- **TASK INSTRUCTIONS**:
Report every line of the records beneath this task that holds the string "finally".

- **Collected data entries**:
BEGIN

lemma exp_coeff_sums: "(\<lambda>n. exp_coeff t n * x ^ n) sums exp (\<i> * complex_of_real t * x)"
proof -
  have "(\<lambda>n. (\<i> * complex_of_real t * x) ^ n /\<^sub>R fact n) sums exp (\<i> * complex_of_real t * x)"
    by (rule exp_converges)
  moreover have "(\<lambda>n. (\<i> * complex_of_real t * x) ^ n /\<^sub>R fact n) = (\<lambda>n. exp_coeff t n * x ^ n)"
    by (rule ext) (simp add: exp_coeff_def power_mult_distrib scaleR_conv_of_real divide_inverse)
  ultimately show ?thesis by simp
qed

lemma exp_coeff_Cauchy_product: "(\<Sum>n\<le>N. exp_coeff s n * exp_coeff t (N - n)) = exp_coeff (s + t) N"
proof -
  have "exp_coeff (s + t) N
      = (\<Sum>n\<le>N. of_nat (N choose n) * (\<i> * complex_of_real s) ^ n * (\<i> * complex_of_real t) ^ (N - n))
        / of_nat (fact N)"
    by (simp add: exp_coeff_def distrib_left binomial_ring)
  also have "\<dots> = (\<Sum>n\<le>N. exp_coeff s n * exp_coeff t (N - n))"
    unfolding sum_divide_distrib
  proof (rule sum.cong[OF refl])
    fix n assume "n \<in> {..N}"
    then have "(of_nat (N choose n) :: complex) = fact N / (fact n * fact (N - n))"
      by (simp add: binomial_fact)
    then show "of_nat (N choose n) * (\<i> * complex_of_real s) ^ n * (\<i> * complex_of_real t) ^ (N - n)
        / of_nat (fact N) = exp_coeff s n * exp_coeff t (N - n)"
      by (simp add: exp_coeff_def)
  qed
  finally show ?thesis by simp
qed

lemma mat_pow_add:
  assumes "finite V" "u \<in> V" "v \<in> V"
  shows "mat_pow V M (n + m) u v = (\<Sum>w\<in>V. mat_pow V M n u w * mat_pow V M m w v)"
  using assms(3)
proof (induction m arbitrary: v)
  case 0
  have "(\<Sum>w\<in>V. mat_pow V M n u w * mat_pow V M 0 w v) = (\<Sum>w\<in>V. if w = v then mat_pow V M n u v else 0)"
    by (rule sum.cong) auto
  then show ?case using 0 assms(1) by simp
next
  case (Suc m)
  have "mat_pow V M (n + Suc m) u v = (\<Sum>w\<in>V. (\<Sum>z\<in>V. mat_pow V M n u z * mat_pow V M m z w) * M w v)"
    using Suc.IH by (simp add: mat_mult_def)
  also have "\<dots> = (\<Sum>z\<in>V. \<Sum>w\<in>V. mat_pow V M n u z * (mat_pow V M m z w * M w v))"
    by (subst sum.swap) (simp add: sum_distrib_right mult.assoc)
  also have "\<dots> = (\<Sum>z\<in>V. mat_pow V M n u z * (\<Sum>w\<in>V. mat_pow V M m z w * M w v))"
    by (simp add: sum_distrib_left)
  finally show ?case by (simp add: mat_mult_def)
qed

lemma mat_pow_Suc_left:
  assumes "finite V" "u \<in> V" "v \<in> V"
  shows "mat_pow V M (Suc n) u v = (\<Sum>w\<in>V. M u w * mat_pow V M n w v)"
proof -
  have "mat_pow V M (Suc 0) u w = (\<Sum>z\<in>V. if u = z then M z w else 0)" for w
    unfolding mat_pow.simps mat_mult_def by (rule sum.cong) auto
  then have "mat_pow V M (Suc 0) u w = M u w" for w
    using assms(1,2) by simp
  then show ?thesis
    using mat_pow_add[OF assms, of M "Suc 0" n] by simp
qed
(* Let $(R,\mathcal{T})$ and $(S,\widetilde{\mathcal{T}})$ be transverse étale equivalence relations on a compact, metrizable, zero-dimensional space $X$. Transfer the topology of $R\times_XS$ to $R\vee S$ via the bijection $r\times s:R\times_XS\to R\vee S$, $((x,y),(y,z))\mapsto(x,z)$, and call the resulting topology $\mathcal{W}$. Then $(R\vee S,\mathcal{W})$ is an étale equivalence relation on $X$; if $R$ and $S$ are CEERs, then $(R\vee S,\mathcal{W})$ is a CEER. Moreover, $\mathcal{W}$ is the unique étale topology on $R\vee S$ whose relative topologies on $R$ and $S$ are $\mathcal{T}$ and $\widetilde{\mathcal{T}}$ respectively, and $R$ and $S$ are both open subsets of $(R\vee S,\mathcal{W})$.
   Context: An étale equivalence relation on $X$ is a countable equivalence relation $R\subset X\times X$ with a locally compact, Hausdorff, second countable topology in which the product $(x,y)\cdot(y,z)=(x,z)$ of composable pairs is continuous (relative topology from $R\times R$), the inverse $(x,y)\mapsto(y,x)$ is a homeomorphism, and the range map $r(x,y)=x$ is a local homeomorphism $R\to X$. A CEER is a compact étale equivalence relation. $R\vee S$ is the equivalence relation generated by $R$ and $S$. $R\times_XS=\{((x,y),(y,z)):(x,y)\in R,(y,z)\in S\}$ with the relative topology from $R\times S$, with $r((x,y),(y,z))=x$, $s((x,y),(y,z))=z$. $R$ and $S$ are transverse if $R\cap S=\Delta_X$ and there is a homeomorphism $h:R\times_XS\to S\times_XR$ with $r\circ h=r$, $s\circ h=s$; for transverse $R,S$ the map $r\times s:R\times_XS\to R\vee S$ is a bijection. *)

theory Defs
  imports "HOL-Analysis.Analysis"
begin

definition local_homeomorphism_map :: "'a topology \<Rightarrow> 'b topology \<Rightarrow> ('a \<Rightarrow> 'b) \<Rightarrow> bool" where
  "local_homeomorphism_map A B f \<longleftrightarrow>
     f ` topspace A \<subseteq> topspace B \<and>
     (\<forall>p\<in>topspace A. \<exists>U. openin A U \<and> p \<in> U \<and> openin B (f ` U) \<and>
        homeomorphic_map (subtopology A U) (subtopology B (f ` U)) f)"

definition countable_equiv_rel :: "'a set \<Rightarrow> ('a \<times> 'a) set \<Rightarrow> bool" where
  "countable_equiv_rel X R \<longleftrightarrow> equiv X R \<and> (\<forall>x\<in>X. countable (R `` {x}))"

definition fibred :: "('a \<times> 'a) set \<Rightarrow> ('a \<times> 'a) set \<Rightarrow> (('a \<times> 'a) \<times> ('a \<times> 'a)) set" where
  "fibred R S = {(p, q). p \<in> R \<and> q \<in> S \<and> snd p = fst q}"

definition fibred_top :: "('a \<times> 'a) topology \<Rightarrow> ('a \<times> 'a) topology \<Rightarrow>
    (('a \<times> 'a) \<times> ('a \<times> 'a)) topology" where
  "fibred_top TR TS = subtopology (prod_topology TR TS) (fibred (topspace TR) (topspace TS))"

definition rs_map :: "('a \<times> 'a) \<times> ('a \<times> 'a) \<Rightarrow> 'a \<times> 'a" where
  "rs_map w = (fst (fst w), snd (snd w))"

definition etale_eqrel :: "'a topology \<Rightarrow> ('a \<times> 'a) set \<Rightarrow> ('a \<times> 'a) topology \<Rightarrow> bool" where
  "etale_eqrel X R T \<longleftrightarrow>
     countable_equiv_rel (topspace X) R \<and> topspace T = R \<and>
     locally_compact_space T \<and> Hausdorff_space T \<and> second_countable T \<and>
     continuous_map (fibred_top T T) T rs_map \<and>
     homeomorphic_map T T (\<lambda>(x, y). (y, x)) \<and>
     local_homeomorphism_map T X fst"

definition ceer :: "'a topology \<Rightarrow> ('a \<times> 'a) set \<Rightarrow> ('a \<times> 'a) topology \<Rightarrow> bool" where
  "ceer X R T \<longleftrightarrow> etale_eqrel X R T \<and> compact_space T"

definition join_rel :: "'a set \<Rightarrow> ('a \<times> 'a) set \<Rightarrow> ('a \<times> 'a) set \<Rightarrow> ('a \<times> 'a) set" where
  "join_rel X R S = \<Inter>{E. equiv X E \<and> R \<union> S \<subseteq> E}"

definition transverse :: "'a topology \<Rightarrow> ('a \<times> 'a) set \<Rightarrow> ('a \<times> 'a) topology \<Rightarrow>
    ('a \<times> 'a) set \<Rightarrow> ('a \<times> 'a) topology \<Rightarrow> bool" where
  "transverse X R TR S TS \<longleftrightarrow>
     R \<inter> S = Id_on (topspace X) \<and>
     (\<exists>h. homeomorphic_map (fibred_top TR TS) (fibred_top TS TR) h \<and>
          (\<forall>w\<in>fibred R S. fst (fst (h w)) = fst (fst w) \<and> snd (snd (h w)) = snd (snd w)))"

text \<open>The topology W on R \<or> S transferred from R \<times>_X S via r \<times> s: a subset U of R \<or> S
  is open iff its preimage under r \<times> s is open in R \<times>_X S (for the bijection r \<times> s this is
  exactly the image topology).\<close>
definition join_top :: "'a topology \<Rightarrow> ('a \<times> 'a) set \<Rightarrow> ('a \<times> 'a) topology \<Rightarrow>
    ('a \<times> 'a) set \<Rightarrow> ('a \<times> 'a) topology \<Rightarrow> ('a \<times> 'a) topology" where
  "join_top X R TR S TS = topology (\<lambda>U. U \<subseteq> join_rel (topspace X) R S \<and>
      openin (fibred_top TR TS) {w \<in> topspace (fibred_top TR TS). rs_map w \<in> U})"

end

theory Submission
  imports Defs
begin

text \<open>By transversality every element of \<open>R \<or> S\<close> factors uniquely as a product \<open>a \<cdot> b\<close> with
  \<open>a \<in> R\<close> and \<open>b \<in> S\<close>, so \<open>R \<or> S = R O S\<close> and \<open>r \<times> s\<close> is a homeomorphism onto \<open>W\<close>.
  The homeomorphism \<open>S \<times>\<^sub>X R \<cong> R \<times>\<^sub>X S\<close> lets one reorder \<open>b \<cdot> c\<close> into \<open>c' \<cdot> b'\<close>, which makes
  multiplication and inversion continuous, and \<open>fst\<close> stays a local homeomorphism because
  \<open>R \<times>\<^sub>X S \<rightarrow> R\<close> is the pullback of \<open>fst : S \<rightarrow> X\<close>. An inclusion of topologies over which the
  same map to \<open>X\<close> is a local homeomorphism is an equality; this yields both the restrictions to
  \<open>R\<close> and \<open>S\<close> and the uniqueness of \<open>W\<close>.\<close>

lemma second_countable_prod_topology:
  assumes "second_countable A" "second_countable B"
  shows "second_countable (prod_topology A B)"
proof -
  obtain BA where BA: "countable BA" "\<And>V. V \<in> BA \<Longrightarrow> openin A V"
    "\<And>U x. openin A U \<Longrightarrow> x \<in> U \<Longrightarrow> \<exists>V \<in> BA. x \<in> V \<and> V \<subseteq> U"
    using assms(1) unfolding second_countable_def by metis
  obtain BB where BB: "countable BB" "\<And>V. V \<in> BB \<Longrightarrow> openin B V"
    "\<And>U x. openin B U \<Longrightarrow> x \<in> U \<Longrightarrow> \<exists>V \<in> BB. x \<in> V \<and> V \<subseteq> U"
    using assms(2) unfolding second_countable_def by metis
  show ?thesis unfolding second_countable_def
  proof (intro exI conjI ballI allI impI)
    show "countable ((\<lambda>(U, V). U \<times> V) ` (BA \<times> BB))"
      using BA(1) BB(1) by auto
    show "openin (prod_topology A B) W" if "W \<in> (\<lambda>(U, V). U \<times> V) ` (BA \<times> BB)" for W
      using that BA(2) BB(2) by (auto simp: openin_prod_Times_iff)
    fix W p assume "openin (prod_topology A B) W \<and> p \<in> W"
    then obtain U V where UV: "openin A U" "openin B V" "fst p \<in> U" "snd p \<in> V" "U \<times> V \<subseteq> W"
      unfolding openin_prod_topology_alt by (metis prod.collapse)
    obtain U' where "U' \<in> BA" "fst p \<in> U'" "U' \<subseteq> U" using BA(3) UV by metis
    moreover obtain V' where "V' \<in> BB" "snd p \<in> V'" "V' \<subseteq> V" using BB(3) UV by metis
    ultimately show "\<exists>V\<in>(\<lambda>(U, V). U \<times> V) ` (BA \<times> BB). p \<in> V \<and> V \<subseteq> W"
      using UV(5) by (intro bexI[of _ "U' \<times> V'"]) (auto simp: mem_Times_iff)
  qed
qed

END

- **FINISHED EXERCISE**:
  finally show ?thesis by simp
  finally show ?case by (simp add: mat_mult_def)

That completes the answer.